#### [What you should do]
Up to and including the line that contains "The nodes rho_1, rho_2, ...", return every line from the start of the data, unchanged.

#### [Extracted records]
(*
  If q divides the order p - 1 of the multiplicative group of a finite field, the field has at
  least q q-th roots of unity: every non-zero a is sent to one by a |-> a^m with m = (p - 1)/q,
  and the fibres of this map have at most m elements.

  The nodes rho_1, rho_2, ... are chosen greedily among these roots. Expanding det V(rho, gamma)
  along the newly added row gives a sum of monomials in the new node with distinct exponents
  below q, whose coefficient for the newest exponent is the previous non-zero minor; it has
  fewer than q roots, so some q-th root of unity avoids them.

  Part (b) only needs the nodes to be distinct: reducing exponents mod q, a T x T submatrix of
  V(rho, alpha^(s)) has entries rho_i^b (rho_i^x)^j, a row-scaled Vandermonde matrix in the
  nodes rho_i^x, which are distinct since r |-> r^x permutes the q-th roots of unity when x is
  coprime to q.
*)

lemma card_roots_power_sum_less:
  fixes c :: "'b \<Rightarrow> 'a::idom" and e :: "'b \<Rightarrow> nat"
  assumes J: "finite J" and inj: "inj_on e J" and lt: "\<forall>j\<in>J. e j < d"
    and k: "k \<in> J" and c0: "c k \<noteq> 0"
  shows "finite {x. (\<Sum>j\<in>J. c j * x ^ e j) = 0}"
    and "card {x. (\<Sum>j\<in>J. c j * x ^ e j) = 0} < d"
proof -
  define P where "P = (\<Sum>j\<in>J. monom (c j) (e j))"
  have poly_P: "poly P x = (\<Sum>j\<in>J. c j * x ^ e j)" for x
    unfolding P_def poly_sum by (simp add: poly_monom)
  have "coeff P (e k) = (\<Sum>j\<in>J. if e j = e k then c j else 0)"
    unfolding P_def coeff_sum by simp
  also have "\<dots> = (\<Sum>j\<in>J. if j = k then c j else 0)"
    by (rule sum.cong) (use inj k in \<open>auto dest: inj_onD\<close>)
  also have "\<dots> = c k" using J k by simp
  finally have "P \<noteq> 0" using c0 by auto
  then show "finite {x. (\<Sum>j\<in>J. c j * x ^ e j) = 0}"
    using poly_roots_finite[of P] unfolding poly_P by blast
  have "d \<ge> 1" using lt k by fastforce
  have "degree P \<le> d - 1"
  proof (rule degree_le, intro allI impI)
    fix i assume "d - 1 < i"
    then show "coeff P i = 0" unfolding P_def coeff_sum using lt \<open>d \<ge> 1\<close>
      by (intro sum.neutral) fastforce
  qed
  with card_poly_roots_bound[OF \<open>P \<noteq> 0\<close>] \<open>d \<ge> 1\<close>
  show "card {x. (\<Sum>j\<in>J. c j * x ^ e j) = 0} < d" unfolding poly_P by linarith
qed

lemma card_power_eq_le:
  fixes c :: "'a::idom"
  assumes "m > 0"
  shows "card {x. x ^ m = c} \<le> m"
proof -
  let ?c = "\<lambda>j. if j = m then 1 else - c"
  have "{x. (\<Sum>j\<in>{0, m}. ?c j * x ^ id j) = 0} = {x. x ^ m = c}"
    using assms by (auto simp: algebra_simps)
  moreover have "card {x. (\<Sum>j\<in>{0, m}. ?c j * x ^ id j) = 0} < m + 1"
    by (rule card_roots_power_sum_less(2)[where k = m]) auto
  ultimately show ?thesis by simp
qed

lemma card_roots_of_unity_ge:
  assumes "q dvd CARD('a::finite_field) - 1" "q > 0"
  shows "q \<le> card {r::'a. r ^ q = 1}"
proof -
  define R where "R = {r::'a. r ^ q = 1}"
  define m where "m = (CARD('a) - 1) div q"
  have card_units: "card (UNIV - {0::'a}) = q * m"
    using assms unfolding m_def by (simp add: card_Diff_subset)
  have "card {0, 1::'a} \<le> CARD('a)" by (rule card_mono) simp_all
  then have "m > 0" using card_units by (cases m) (auto simp: card_Diff_subset)
  have fermat: "a ^ (CARD('a) - 1) = 1" if "a \<noteq> 0" for a :: 'a
  proof -
    have "a * a ^ (CARD('a) - 1) = a ^ CARD('a)"
      by (simp flip: power_Suc)
    also have "\<dots> = a" by (rule finite_field_power_card_eq_same)
    finally show ?thesis using that by simp
  qed
  have "UNIV - {0} \<subseteq> (\<Union>c\<in>R. {a::'a. a ^ m = c})"
  proof
    fix a :: 'a assume "a \<in> UNIV - {0}"
    then have "(a ^ m) ^ q = 1"
      using fermat[of a] card_units by (simp add: card_Diff_subset flip: power_mult mult.commute)
    then show "a \<in> (\<Union>c\<in>R. {a. a ^ m = c})" unfolding R_def by auto
  qed
  then have "q * m \<le> card (\<Union>c\<in>R. {a::'a. a ^ m = c})"
    unfolding card_units[symmetric] by (rule card_mono[rotated]) simp
  also have "\<dots> \<le> (\<Sum>c\<in>R. card {a::'a. a ^ m = c})" by (rule card_UN_le) simp
  also have "\<dots> \<le> (\<Sum>c\<in>R. m)" by (rule sum_mono) (rule card_power_eq_le[OF \<open>m > 0\<close>])
  finally show ?thesis unfolding R_def using \<open>m > 0\<close> by simp
qed

lemma power_eq_power_if_cong:
  fixes r :: "'a::comm_monoid_mult"
  assumes "r ^ q = 1" "[m = n] (mod q)"
  shows "r ^ m = r ^ n"
proof -
  have power_mod: "r ^ k = r ^ (k mod q)" for k
  proof -
    have "r ^ k = (r ^ q) ^ (k div q) * r ^ (k mod q)"
      by (simp flip: power_mult power_add)
    then show ?thesis using assms(1) by simp
  qed
  have "m mod q = n mod q" using assms(2) unfolding cong_def .
  then show ?thesis by (subst (1 2) power_mod) simp
qed

lemma inj_on_power_roots_of_unity:
  assumes "coprime x q"
  shows "inj_on (\<lambda>r::'a::comm_monoid_mult. r ^ x) {r. r ^ q = 1}"
proof (rule inj_onI)
  obtain u where u: "[x * u = 1] (mod q)"
    using cong_solve_coprime_nat[OF assms] by auto
  have inverse_power: "r = (r ^ x) ^ u" if "r ^ q = 1" for r :: 'a
    using power_eq_power_if_cong[OF that u] by (simp add: power_mult)
  fix r s :: 'a assume "r \<in> {r. r ^ q = 1}" "s \<in> {r. r ^ q = 1}" "r ^ x = s ^ x"
  then show "r = s" using inverse_power[of r] inverse_power[of s] by simp
qed

lemma det_non_zero_imp_invertible_mat:
  fixes A :: "'a::field mat"
  assumes A: "A \<in> carrier_mat n n" and "det A \<noteq> 0"
  shows "invertible_mat A"
proof -
  obtain B where "B \<in> carrier_mat n n" "B * A = 1\<^sub>m n" "A * B = 1\<^sub>m n"
    using det_non_zero_imp_unit[OF assms] unfolding Units_def ring_mat_simps by auto
  then show ?thesis using A unfolding invertible_mat_def inverts_mat_def
    by (metis carrier_matD square_mat.simps)
qed

lemma det_row_scaled_vandermonde_non_zero:
  fixes M :: "'a::field mat"
  assumes M: "M \<in> carrier_mat n n"
    and M_index: "\<And>i j. i < n \<Longrightarrow> j < n \<Longrightarrow> M $$ (i, j) = w i * y i ^ j"
    and w: "\<And>i. i < n \<Longrightarrow> w i \<noteq> 0" and y: "inj_on y {..<n}"
  shows "det M \<noteq> 0"
proof
  assume "det M = 0"
  then obtain v where v: "v \<in> carrier_vec n" "v \<noteq> 0\<^sub>v n" "M *\<^sub>v v = 0\<^sub>v n"
    using det_0_iff_vec_prod_zero_field[OF M] by auto
  obtain k where k: "k < n" "v $ k \<noteq> 0" using v(1,2) by (auto simp: vec_eq_iff)
  define Z where "Z = {z. (\<Sum>j<n. v $ j * z ^ id j) = 0}"
  have "finite Z" "card Z < n"
    unfolding Z_def using k by (intro card_roots_power_sum_less[where k = k and d = n]; simp)+
  have "y ` {..<n} \<subseteq> Z"
  proof safe
    fix i assume i: "i < n"
    have "0 = (M *\<^sub>v v) $ i" using v(3) i by simp
    also have "\<dots> = (\<Sum>j<n. M $$ (i, j) * v $ j)"
      using M v(1) i by (simp add: scalar_prod_def atLeast0LessThan)
    also have "\<dots> = w i * (\<Sum>j<n. v $ j * y i ^ j)"
      by (simp add: M_index i sum_distrib_left mult_ac)
    finally show "y i \<in> Z" unfolding Z_def using w[OF i] by simp
  qed
  then have "card (y ` {..<n}) \<le> card Z" by (rule card_mono[OF \<open>finite Z\<close>])
  then show False using \<open>card Z < n\<close> card_image[OF y] by simp
qed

#### [Exercise result]
(*
  If q divides the order p - 1 of the multiplicative group of a finite field, the field has at
  least q q-th roots of unity: every non-zero a is sent to one by a |-> a^m with m = (p - 1)/q,
  and the fibres of this map have at most m elements.

  The nodes rho_1, rho_2, ... are chosen greedily among these roots. Expanding det V(rho, gamma)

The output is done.